Bishop Gordon traced some of the region’s conflicts in an interview with Michelle Martin of National Public Radio.
“Conflict in eastern Congo is something that we have lived with for 30 years,” he said. “But between 2012 and 2021, there was relative calm. And then the M23 took up arms again in 2021. And so our diocese covers much, much more than Goma in the north in Rutshuru and in the west in Masisi. We’ve had schools that have been destroyed by bombs. We’ve had many of our clergy at one point in the last two or three years have had to flee for their lives and hide in the forests. We’ve had roadblocks. We’ve had increasing food prices.”
He added: “There have been many fine-sounding statements from the U.N., from the European community.

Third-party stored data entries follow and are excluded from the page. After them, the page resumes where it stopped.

(* Let \<phi>_A(x) = min(1, ((x - 1)/A)^2) and A_0 = \<tau> - 1, A_(i+1) = A_i (A_i + 2), so that
   A_i + 1 = \<tau>^(2^i).  Then E[\<phi>_(A_i)(X_i)] does not increase with i: whenever
   y - 1 \<ge> 2 (x - 1) we have \<phi>_(A (A + 2))(y) \<le> \<phi>_A(x) + \<lambda>(x) (y - x^2) for some \<lambda>(x) \<ge> 0
   depending only on x, and the conditional expectation hypothesis gives
   E[\<lambda>(X_i) (X_(i+1) - X_i^2)] \<le> 0.  Since \<phi>_(A_k) = 1 on the event X_k \<ge> \<tau>^(2^k), its
   probability is at most \<phi>_(\<tau> - 1)(x0) \<le> ((x0 - 1)/(\<tau> - 1))^2.  So the bound even holds
   with constant 1. *)

definition potential :: "real \<Rightarrow> real \<Rightarrow> real" where
  "potential A x = min 1 (((x - 1) / A)\<^sup>2)"

(* The slope of the secant of v \<mapsto> (v/B)^2 between v = 2(x - 1) and v = B = A(A + 2). *)
definition potential_slope :: "real \<Rightarrow> real \<Rightarrow> real" where
  "potential_slope A x =
     (if x - 1 < A then (A * (A + 2) + 2 * (x - 1)) / (A * (A + 2))\<^sup>2 else 0)"

lemma borel_measurable_potential [measurable]: "potential A \<in> borel_measurable borel"
  unfolding potential_def by measurable
lemma dim_multiples:
  fixes g :: "'a::field poly"
  assumes "g \<noteq> 0"
  shows "vector_space.dim Polynomial.smult {g * r | r. degree r < d} = d"
proof -
  interpret vector_space "Polynomial.smult :: 'a \<Rightarrow> 'a poly \<Rightarrow> 'a poly"
    by unfold_locales (simp_all add: smult_add_right smult_add_left)
  define b where "b j = g * Polynomial.monom 1 j" for j
  have smult_b: "g * Polynomial.monom a j = Polynomial.smult a (b j)" for a j
    by (metis b_def mult_smult_right smult_monom mult_1_right)
  have "inj_on b {..<d}"
    by (rule inj_onI) (use assms in \<open>simp add: b_def monom_eq_iff'\<close>)
  then have "card (b ` {..<d}) = d"
    by (simp add: card_image)
  moreover have "b ` {..<d} \<subseteq> {g * r | r. degree r < d}"
    unfolding b_def by (auto simp: degree_monom_eq)
  moreover have "{g * r | r. degree r < d} \<subseteq> span (b ` {..<d})"
  proof
    fix c assume "c \<in> {g * r | r. degree r < d}"
    then obtain r where "c = g * r" "degree r < d"
      by auto
    moreover have "{..<d} = {..d - 1}"
      using \<open>degree r < d\<close> by auto
    ultimately have "c = g * (\<Sum>j<d. Polynomial.monom (Polynomial.coeff r j) j)"
      using poly_as_sum_of_monoms'[of r "d - 1"] by simp
    also have "\<dots> = (\<Sum>j<d. Polynomial.smult (Polynomial.coeff r j) (b j))"
      by (simp add: sum_distrib_left smult_b)
    also have "\<dots> \<in> span (b ` {..<d})"
      by (intro span_sum span_scale span_base) auto
    finally show "c \<in> span (b ` {..<d})" .
  qed
  moreover have "independent (b ` {..<d})"
  proof (rule independent_if_scalars_zero)
    fix f x assume sum: "(\<Sum>x\<in>b ` {..<d}. Polynomial.smult (f x) x) = 0" and "x \<in> b ` {..<d}"
    then obtain j0 where "j0 < d" "x = b j0"
      by auto
    have "g * (\<Sum>j<d. Polynomial.monom (f (b j)) j) = (\<Sum>x\<in>b ` {..<d}. Polynomial.smult (f x) x)"
      using \<open>inj_on b {..<d}\<close> by (simp add: sum.reindex sum_distrib_left smult_b)
    then have "(\<Sum>j<d. Polynomial.monom (f (b j)) j) = 0"
      using sum assms by simp
    then have "Polynomial.coeff (\<Sum>j<d. Polynomial.monom (f (b j)) j) j0 = 0"
      by simp
    then show "f x = 0"
      using \<open>j0 < d\<close> \<open>x = b j0\<close> by (simp add: coeff_sum)
  qed simp
  ultimately show ?thesis
    by (intro dim_unique) auto
qed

What we need now is action. So what the U.N. Security Council have said, what the U.S. Secretary of State has said in a phone call, both to President Tshisekedi of DRC and Kagame of Rwanda, is absolutely right: the M23 must withdraw.”
Gordon is a British citizen who serves in the DRC through the Oxford-based Church Mission Society. He arrived in the DRC in 2020. “My role, as an impartial outsider not tied to a particular people group or region, was to bring some peace to a diocese internally riven by conflict and to prepare the diocese for the election of their next bishop,” he wrote on the CMS website.
“As the time for elections neared over two years later, God gradually made it clear that the most effective way for me to continue to serve the diocese was to become their missionary bishop. I was appointed in December 2022.”
In June 2021, the Diocese of Goma was in the news as it helped relieve suffering after a volcanic eruption of Mount Nyiragongo. “The Anglican Alliance reports that development teams from the diocese are assessing the damage and working with chiefs in the villages most severely impacted by the blast to distribute food, hygiene items, and household goods,” TLC reported.
The Anglican presence in the Democratic Republic of the Congo is concentrated in the region along the country’s eastern border, where Goma is the largest city. Ugandan missionary Apolo Kivebulaya began his ministry to the people on the edge of the Ituri Forest there in 1896.